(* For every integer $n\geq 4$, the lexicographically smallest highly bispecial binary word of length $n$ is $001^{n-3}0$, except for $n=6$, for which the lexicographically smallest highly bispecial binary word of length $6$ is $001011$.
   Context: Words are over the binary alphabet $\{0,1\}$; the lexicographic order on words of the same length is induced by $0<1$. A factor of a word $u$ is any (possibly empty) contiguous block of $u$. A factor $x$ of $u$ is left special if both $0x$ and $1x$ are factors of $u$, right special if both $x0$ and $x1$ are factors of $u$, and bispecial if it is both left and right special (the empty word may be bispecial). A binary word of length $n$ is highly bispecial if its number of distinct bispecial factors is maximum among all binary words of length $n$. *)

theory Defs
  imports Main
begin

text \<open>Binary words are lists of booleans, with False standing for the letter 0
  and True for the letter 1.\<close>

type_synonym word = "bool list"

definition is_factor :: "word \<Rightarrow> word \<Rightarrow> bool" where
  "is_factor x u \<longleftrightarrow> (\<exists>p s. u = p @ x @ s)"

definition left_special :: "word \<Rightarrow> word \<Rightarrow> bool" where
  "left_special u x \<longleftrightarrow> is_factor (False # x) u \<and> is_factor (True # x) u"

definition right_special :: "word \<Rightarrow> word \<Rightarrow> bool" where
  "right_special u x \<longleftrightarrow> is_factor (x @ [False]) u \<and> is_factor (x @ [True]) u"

━━━

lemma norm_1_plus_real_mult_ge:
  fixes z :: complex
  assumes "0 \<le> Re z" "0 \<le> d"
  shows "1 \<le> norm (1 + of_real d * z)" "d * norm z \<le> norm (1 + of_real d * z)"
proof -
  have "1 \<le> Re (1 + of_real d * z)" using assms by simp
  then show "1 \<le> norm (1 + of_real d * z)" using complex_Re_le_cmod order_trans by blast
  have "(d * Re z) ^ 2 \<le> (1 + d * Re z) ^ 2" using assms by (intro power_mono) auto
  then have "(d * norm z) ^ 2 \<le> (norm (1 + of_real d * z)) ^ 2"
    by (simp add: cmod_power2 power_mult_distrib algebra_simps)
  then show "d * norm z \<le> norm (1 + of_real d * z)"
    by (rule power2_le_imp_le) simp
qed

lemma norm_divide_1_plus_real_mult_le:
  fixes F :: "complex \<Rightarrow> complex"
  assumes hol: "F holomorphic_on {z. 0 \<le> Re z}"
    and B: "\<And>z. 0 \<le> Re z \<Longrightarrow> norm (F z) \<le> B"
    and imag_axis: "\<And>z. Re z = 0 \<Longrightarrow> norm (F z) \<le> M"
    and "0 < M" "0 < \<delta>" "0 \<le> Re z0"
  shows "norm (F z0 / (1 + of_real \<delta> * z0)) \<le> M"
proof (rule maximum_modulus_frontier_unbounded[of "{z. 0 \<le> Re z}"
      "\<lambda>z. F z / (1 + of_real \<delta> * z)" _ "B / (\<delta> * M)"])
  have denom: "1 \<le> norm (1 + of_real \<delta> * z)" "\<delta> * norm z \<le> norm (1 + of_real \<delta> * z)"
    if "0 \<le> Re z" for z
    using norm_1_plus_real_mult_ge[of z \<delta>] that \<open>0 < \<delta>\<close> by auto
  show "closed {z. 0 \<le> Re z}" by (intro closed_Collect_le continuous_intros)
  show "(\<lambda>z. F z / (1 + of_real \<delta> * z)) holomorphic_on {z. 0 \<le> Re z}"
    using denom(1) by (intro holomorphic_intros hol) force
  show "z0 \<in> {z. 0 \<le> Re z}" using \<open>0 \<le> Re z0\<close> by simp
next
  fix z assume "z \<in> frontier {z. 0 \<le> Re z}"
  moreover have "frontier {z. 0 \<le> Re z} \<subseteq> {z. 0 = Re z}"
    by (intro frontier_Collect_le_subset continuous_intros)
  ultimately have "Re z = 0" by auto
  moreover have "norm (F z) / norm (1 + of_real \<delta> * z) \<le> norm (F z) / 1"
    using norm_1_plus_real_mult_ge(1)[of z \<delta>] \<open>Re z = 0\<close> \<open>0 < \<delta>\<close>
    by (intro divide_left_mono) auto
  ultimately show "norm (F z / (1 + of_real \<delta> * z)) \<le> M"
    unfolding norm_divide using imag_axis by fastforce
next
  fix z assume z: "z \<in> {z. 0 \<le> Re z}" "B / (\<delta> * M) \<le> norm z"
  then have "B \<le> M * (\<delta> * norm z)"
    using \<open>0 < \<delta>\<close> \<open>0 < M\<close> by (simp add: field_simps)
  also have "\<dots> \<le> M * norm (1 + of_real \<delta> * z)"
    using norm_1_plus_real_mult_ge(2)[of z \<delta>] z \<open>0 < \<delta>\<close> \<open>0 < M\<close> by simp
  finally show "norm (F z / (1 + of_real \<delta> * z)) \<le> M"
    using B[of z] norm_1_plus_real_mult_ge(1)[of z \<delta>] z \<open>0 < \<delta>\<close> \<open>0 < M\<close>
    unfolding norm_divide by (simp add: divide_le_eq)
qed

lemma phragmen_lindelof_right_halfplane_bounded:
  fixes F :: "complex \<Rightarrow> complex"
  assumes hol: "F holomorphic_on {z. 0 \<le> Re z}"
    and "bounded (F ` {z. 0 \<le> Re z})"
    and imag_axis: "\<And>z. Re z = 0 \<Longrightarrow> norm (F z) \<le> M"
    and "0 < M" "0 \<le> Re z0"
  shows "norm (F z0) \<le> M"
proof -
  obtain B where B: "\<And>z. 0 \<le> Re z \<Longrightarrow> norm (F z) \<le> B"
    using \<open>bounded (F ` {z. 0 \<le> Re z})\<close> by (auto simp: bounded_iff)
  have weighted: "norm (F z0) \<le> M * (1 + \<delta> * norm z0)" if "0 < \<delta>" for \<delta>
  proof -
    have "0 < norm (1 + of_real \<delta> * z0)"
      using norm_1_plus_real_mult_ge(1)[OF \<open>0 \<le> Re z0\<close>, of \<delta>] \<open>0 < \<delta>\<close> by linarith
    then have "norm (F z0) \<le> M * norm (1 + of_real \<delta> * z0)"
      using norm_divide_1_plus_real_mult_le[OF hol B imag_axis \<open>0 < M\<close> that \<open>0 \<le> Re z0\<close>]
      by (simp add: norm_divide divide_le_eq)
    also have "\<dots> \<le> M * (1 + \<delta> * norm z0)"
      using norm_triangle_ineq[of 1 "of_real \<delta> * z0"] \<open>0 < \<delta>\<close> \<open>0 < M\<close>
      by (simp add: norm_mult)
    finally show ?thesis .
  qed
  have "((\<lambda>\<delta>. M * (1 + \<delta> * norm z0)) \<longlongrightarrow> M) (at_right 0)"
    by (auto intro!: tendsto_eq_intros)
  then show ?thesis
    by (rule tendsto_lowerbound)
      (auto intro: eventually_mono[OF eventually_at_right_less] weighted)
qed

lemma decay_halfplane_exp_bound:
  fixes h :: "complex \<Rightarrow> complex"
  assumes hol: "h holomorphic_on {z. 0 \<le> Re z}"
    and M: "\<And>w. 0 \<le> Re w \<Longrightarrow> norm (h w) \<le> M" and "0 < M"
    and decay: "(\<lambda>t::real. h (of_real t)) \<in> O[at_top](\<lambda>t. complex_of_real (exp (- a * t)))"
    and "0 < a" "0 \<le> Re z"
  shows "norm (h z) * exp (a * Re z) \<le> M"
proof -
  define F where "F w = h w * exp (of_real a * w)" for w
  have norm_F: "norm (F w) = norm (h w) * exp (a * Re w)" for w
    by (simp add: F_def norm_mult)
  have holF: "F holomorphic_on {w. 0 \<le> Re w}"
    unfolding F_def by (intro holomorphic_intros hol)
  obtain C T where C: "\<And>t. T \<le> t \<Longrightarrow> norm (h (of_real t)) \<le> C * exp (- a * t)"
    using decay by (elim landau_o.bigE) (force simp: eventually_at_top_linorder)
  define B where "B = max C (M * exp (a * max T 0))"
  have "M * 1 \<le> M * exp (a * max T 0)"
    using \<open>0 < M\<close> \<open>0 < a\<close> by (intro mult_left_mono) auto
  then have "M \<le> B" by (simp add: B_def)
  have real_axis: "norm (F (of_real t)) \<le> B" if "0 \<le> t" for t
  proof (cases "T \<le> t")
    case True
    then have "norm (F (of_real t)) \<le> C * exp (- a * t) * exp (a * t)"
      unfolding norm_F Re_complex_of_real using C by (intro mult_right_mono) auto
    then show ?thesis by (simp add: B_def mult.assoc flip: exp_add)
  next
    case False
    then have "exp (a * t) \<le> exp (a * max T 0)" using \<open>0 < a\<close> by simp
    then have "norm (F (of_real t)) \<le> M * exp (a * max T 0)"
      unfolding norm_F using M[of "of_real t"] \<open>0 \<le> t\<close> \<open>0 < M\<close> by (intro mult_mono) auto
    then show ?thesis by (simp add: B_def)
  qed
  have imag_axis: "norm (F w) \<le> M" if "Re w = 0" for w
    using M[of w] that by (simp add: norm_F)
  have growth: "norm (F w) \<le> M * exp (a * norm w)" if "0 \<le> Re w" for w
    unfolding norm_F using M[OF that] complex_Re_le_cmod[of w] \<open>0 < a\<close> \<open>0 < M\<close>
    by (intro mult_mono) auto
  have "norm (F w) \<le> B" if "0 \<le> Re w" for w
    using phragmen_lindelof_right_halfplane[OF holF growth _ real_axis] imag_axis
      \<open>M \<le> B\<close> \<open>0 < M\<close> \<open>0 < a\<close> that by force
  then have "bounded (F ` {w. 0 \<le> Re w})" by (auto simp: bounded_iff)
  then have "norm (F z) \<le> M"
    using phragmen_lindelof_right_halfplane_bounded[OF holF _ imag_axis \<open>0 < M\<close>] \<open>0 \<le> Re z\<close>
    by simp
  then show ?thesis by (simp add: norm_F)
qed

━━━

PROBLEM DESCRIPTION: From the entries above, return exactly the line containing "(* For every", the line containing "(x @ [False])", and all lines between, and nothing else.

TASK SOLUTION:
(* For every integer $n\geq 4$, the lexicographically smallest highly bispecial binary word of length $n$ is $001^{n-3}0$, except for $n=6$, for which the lexicographically smallest highly bispecial binary word of length $6$ is $001011$.
   Context: Words are over the binary alphabet $\{0,1\}$; the lexicographic order on words of the same length is induced by $0<1$. A factor of a word $u$ is any (possibly empty) contiguous block of $u$. A factor $x$ of $u$ is left special if both $0x$ and $1x$ are factors of $u$, right special if both $x0$ and $x1$ are factors of $u$, and bispecial if it is both left and right special (the empty word may be bispecial). A binary word of length $n$ is highly bispecial if its number of distinct bispecial factors is maximum among all binary words of length $n$. *)

theory Defs
  imports Main
begin

text \<open>Binary words are lists of booleans, with False standing for the letter 0
  and True for the letter 1.\<close>

type_synonym word = "bool list"

definition is_factor :: "word \<Rightarrow> word \<Rightarrow> bool" where
  "is_factor x u \<longleftrightarrow> (\<exists>p s. u = p @ x @ s)"

definition left_special :: "word \<Rightarrow> word \<Rightarrow> bool" where
  "left_special u x \<longleftrightarrow> is_factor (False # x) u \<and> is_factor (True # x) u"

definition right_special :: "word \<Rightarrow> word \<Rightarrow> bool" where
  "right_special u x \<longleftrightarrow> is_factor (x @ [False]) u \<and> is_factor (x @ [True]) u"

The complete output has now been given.